Dataset extract: Begin

lemma hausdorff_measure_gls_set_eq_0:
  assumes "infinite V" and less_1: "(\<Sum>\<^sub>\<infinity>i\<in>V. ennreal (q i powr t)) < 1"
  shows "hausdorff_measure t (gls_set q a V) = 0"
proof -
  obtain \<sigma> where \<sigma>: "(\<Sum>\<^sub>\<infinity>i\<in>V. ennreal (q i powr t)) = ennreal \<sigma>" "0 \<le> \<sigma>" "\<sigma> < 1"
    using less_1 by (cases "\<Sum>\<^sub>\<infinity>i\<in>V. ennreal (q i powr t)" rule: ennreal_cases) auto
  have "hausdorff_pre t \<delta> (gls_set q a V) = 0" if "0 < \<delta>" for \<delta>
  proof (rule antisym[OF ennreal_le_epsilon zero_le])
    fix \<epsilon> :: real assume "0 < \<epsilon>"
    obtain m where m: "\<sigma> ^ m < \<epsilon>"
      using real_arch_pow_inv[OF \<open>0 < \<epsilon>\<close> \<sigma>(3)] by blast
    obtain k where k: "qbound ^ k < \<delta>"
      using real_arch_pow_inv[OF \<open>0 < \<delta>\<close> qbound_less_1] by blast
    define n where "n = Suc (m + k)"
    have "qbound ^ n \<le> qbound ^ k" "\<sigma> ^ n \<le> \<sigma> ^ m"
      using qbound_pos qbound_less_1 \<sigma> by (auto intro!: power_decreasing simp del: power_Suc simp: n_def)
    then have "hausdorff_pre t \<delta> (gls_set q a V) \<le> (\<Sum>\<^sub>\<infinity>i\<in>V. ennreal (q i powr t)) ^ n"
      using k by (intro hausdorff_pre_gls_set_le[OF assms(1)]) (auto simp: n_def)
    also have "\<dots> = ennreal (\<sigma> ^ n)"
      using \<sigma> by (simp add: ennreal_power)
    also have "\<dots> \<le> 0 + ennreal \<epsilon>"
      using \<open>\<sigma> ^ n \<le> \<sigma> ^ m\<close> m by (simp add: ennreal_leI)
    finally show "hausdorff_pre t \<delta> (gls_set q a V) \<le> 0 + ennreal \<epsilon>" .
  qed
  then show ?thesis by (simp add: hausdorff_measure_def)
qed

section \<open>Lower bound\<close>

lemma sum_prefix_words_powr:
  assumes "finite F" "(\<Sum>i\<in>F. q i powr t) = 1" "set u \<subseteq> F" "length u \<le> N"
  shows "(\<Sum>v\<in>{v\<in>words F N. prefix u v}. cyl_len v powr t) = cyl_len u powr t"
proof -
  have "{v\<in>words F N. prefix u v} = (\<lambda>w. u @ w) ` words F (N - length u)"
    using assms(3,4) by (auto simp: words_def prefix_def)
  then have "(\<Sum>v\<in>{v\<in>words F N. prefix u v}. cyl_len v powr t) =
      (\<Sum>w\<in>words F (N - length u). cyl_len u powr t * cyl_len w powr t)"
    using cyl_len_pos by (simp add: sum.reindex inj_on_def cyl_len_append powr_mult less_imp_le)
  also have "\<dots> = cyl_len u powr t"
    using assms(1,2) by (simp add: sum_distrib_left[symmetric] sum_words_powr)
  finally show ?thesis .
qed

text \<open>For \<open>\<Sum>i\<in>F. q i powr t = 1\<close> the \<open>t\<close>-mass \<open>cyl_len w powr t\<close> of a word is the total
  mass of its extensions of any fixed length, so a bar carries mass at least \<open>1\<close>.\<close>

lemma bar_weight_ge_1:
  assumes "finite F" "(\<Sum>i\<in>F. q i powr t) = 1"
    and bar: "\<And>\<alpha>. (\<And>k. \<alpha> k \<in> F) \<Longrightarrow> \<exists>n. map \<alpha> [0..<n] \<in> W"
  shows "\<exists>W'. finite W' \<and> W' \<subseteq> W \<and> 1 \<le> (\<Sum>u\<in>W'. cyl_len u powr t)"
proof -
  obtain N where N: "\<forall>v\<in>words F N. \<exists>u\<in>W. prefix u v"
    using fan_theorem[OF assms(1) bar] by blast
  define W' where "W' = W \<inter> {u. set u \<subseteq> F \<and> length u \<le> N}"
  have W': "finite W'" "W' \<subseteq> W"
    using finite_lists_length_le[OF assms(1)] by (auto simp: W'_def)
  have "1 = (\<Sum>v\<in>words F N. cyl_len v powr t)"
    using sum_words_powr[OF assms(1)] assms(2) by simp
  also have "\<dots> \<le> (\<Sum>v\<in>(\<Union>u\<in>W'. {v\<in>words F N. prefix u v}). cyl_len v powr t)"
  proof (rule sum_mono2)
    show "finite (\<Union>u\<in>W'. {v\<in>words F N. prefix u v})"
      using W'(1) finite_words[OF assms(1)] by auto
    show "words F N \<subseteq> (\<Union>u\<in>W'. {v\<in>words F N. prefix u v})"
      using N by (fastforce simp: W'_def words_def dest: prefix_length_le set_mono_prefix)
  qed auto
  also have "\<dots> \<le> (\<Sum>u\<in>W'. \<Sum>v\<in>{v\<in>words F N. prefix u v}. cyl_len v powr t)"
    using W'(1) finite_words[OF assms(1)] by (intro sum_UN_le) auto
  also have "\<dots> = (\<Sum>u\<in>W'. cyl_len u powr t)"
    using assms(1,2) by (intro sum.cong refl sum_prefix_words_powr) (auto simp: W'_def)
  finally show ?thesis
    using W' by blast
qed

definition stopping_words :: "nat set \<Rightarrow> real \<Rightarrow> nat list set" where
  "stopping_words F D = {w. set w \<subseteq> F \<and> cyl_len w \<le> D \<and> (w = [] \<or> D < cyl_len (butlast w))}"

lemma stopping_words_parallel:
  assumes "u \<in> stopping_words F D" "v \<in> stopping_words F D" "u \<noteq> v"
  shows "u \<parallel> v"
proof -
  have "\<not> prefix u v" if "u \<in> stopping_words F D" "v \<in> stopping_words F D" "u \<noteq> v" for u v
  proof
    assume "prefix u v"
    moreover have "v \<noteq> []"
      using \<open>prefix u v\<close> that(3) by auto
    ultimately have "prefix u (butlast v)"
      using that(3) prefix_snoc[of u "butlast v" "last v"] by simp
    then have "cyl_len (butlast v) \<le> D"
      using cyl_len_prefix_le that(1) by (force simp: stopping_words_def)
    then show False
      using that(2) \<open>v \<noteq> []\<close> by (simp add: stopping_words_def)
  qed
  then show ?thesis
    using assms by blast
qed

lemma stopping_word_len_ge:
  assumes "w \<in> stopping_words F D" "0 < D" "D \<le> 1" "0 \<le> qm" "qm \<le> 1"
    and "\<And>i. i \<in> F \<Longrightarrow> qm \<le> q i"
  shows "qm * D \<le> cyl_len w"
proof (cases "w = []")
  case True
  then show ?thesis using assms by (simp add: mult_le_one)
next
  case False
  have "cyl_len w = cyl_len (butlast w @ [last w])"
    using False by simp
  also have "\<dots> = q (last w) * cyl_len (butlast w)"
    by (simp add: cyl_len_append)
  finally have "cyl_len w = q (last w) * cyl_len (butlast w)" .
  moreover have "D < cyl_len (butlast w)" "qm \<le> q (last w)"
    using assms(1,6) False last_in_set by (auto simp: stopping_words_def)
  ultimately show ?thesis
    using assms(2,4) by (simp add: mult_mono)
qed

lemma stopping_word_prefix_exists:
  assumes "0 < D" "\<And>k. \<alpha> k \<in> F"
  shows "\<exists>n. map \<alpha> [0..<n] \<in> stopping_words F D"
proof -
  define short where "short n \<longleftrightarrow> cyl_len (map \<alpha> [0..<n]) \<le> D" for n
  obtain k where "qbound ^ k < D"
    using real_arch_pow_inv[OF assms(1) qbound_less_1] by blast
  moreover have "cyl_len (map \<alpha> [0..<k]) \<le> qbound ^ k"
    using cyl_len_le_power[of "map \<alpha> [0..<k]"] by simp
  ultimately have "short k"
    by (simp add: short_def)
  define n where "n = (LEAST n. short n)"
  have "short n"
    unfolding n_def using \<open>short k\<close> by (rule LeastI)
  have "D < cyl_len (butlast (map \<alpha> [0..<n]))" if "n = Suc m" for m
  proof -
    have "\<not> short m"
      using not_less_Least[of m short] that by (simp add: n_def)
    then show ?thesis
      using that by (simp add: short_def)
  qed
  then have "map \<alpha> [0..<n] = [] \<or> D < cyl_len (butlast (map \<alpha> [0..<n]))"
    by (cases n) auto
  then show ?thesis
    using \<open>short n\<close> assms(2) by (auto simp: stopping_words_def short_def)
qed

lemma sum_cyl_len_meeting_le:
  assumes "finite G" "G \<subseteq> stopping_words F D"
    and meets: "\<And>w. w \<in> G \<Longrightarrow> gls_cylinder q a w \<inter> U \<noteq> {}"
    and "bounded U" "diameter U \<le> D"
  shows "(\<Sum>w\<in>G. cyl_len w) \<le> 4 * D"
proof (cases "G = {}")
  case True
  then show ?thesis using assms(4,5) diameter_ge_0 by force
next
  case False
  then obtain x0 where x0: "x0 \<in> U"
    using meets by blast
  have box: "0 \<le> cyl_len w \<and> x0 - 2 * D \<le> cyl_left w \<and> cyl_left w + cyl_len w \<le> x0 + 2 * D"
    if w: "w \<in> G" for w
  proof -
    obtain y where y: "y \<in> gls_cylinder q a w" "y \<in> U"
      using meets[OF w] by blast
    have "\<bar>y - x0\<bar> \<le> D"
      using diameter_bounded_bound[OF assms(4) y(2) x0] assms(5) by (simp add: dist_real_def)
    moreover have "cyl_len w \<le> D"
      using w assms(2) by (auto simp: stopping_words_def)
    ultimately show ?thesis
      using y(1) cyl_len_pos[of w] by (auto simp: gls_cylinder_eq)
  qed
  have "disjoint_family_on (\<lambda>w. {cyl_left w<..<cyl_left w + cyl_len w}) G"
    using stopping_words_parallel cyl_interior_disjoint assms(2)
    unfolding disjoint_family_on_def cyl_interior_def by blast
  then have "(\<Sum>w\<in>G. cyl_len w) \<le> (x0 + 2 * D) - (x0 - 2 * D)"
    using box \<open>G \<noteq> {}\<close> assms(1)
    by (intro sum_interval_lengths_le[where c = cyl_left and l = cyl_len]) force+
  then show ?thesis by simp
qed

lemma sum_cyl_len_powr_meeting_le:
  assumes "finite G" "G \<subseteq> stopping_words F D"
    and "\<And>w. w \<in> G \<Longrightarrow> gls_cylinder q a w \<inter> U \<noteq> {}"
    and "bounded U" "diameter U \<le> D"
    and "0 < t" "t \<le> 1" "0 < D" "D \<le> 1" "0 < qm" "qm \<le> 1" "\<And>i. i \<in> F \<Longrightarrow> qm \<le> q i"
  shows "(\<Sum>w\<in>G. cyl_len w powr t) \<le> 4 * qm powr (t - 1) * D powr t"
proof -
  have "cyl_len w powr t \<le> (qm * D) powr (t - 1) * cyl_len w" if "w \<in> G" for w
  proof -
    have "qm * D \<le> cyl_len w"
      using that assms(2,8-12) by (intro stopping_word_len_ge) auto
    then have "cyl_len w powr (t - 1) \<le> (qm * D) powr (t - 1)"
      using assms(7,8,10) by (intro powr_mono2') auto
    then have "cyl_len w powr (t - 1) * cyl_len w \<le> (qm * D) powr (t - 1) * cyl_len w"
      using cyl_len_pos[of w] by (intro mult_right_mono) auto
    moreover have "cyl_len w powr t = cyl_len w powr (t - 1) * cyl_len w"
      using cyl_len_pos[of w] powr_add[of "cyl_len w" "t - 1" 1] by simp
    ultimately show ?thesis
      by simp
  qed
  then have "(\<Sum>w\<in>G. cyl_len w powr t) \<le> (\<Sum>w\<in>G. (qm * D) powr (t - 1) * cyl_len w)"
    by (rule sum_mono)
  also have "\<dots> = (qm * D) powr (t - 1) * (\<Sum>w\<in>G. cyl_len w)"
    by (simp add: sum_distrib_left)
  also have "\<dots> \<le> (qm * D) powr (t - 1) * (4 * D)"
    using sum_cyl_len_meeting_le[OF assms(1-5)] by (intro mult_left_mono) auto
  also have "\<dots> = 4 * qm powr (t - 1) * D powr t"
    using assms(8,10) powr_add[of D "t - 1" 1] by (simp add: powr_mult)
  finally show ?thesis .
qed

Dataset extract: End

* _Activity_
Within the entries above, find every line where the string "infinity" occurs, and copy it.

* _Output for this exercise_
  assumes "infinite V" and less_1: "(\<Sum>\<^sub>\<infinity>i\<in>V. ennreal (q i powr t)) < 1"
  obtain \<sigma> where \<sigma>: "(\<Sum>\<^sub>\<infinity>i\<in>V. ennreal (q i powr t)) = ennreal \<sigma>" "0 \<le> \<sigma>" "\<sigma> < 1"
    using less_1 by (cases "\<Sum>\<^sub>\<infinity>i\<in>V. ennreal (q i powr t)" rule: ennreal_cases) auto
    then have "hausdorff_pre t \<delta> (gls_set q a V) \<le> (\<Sum>\<^sub>\<infinity>i\<in>V. ennreal (q i powr t)) ^ n"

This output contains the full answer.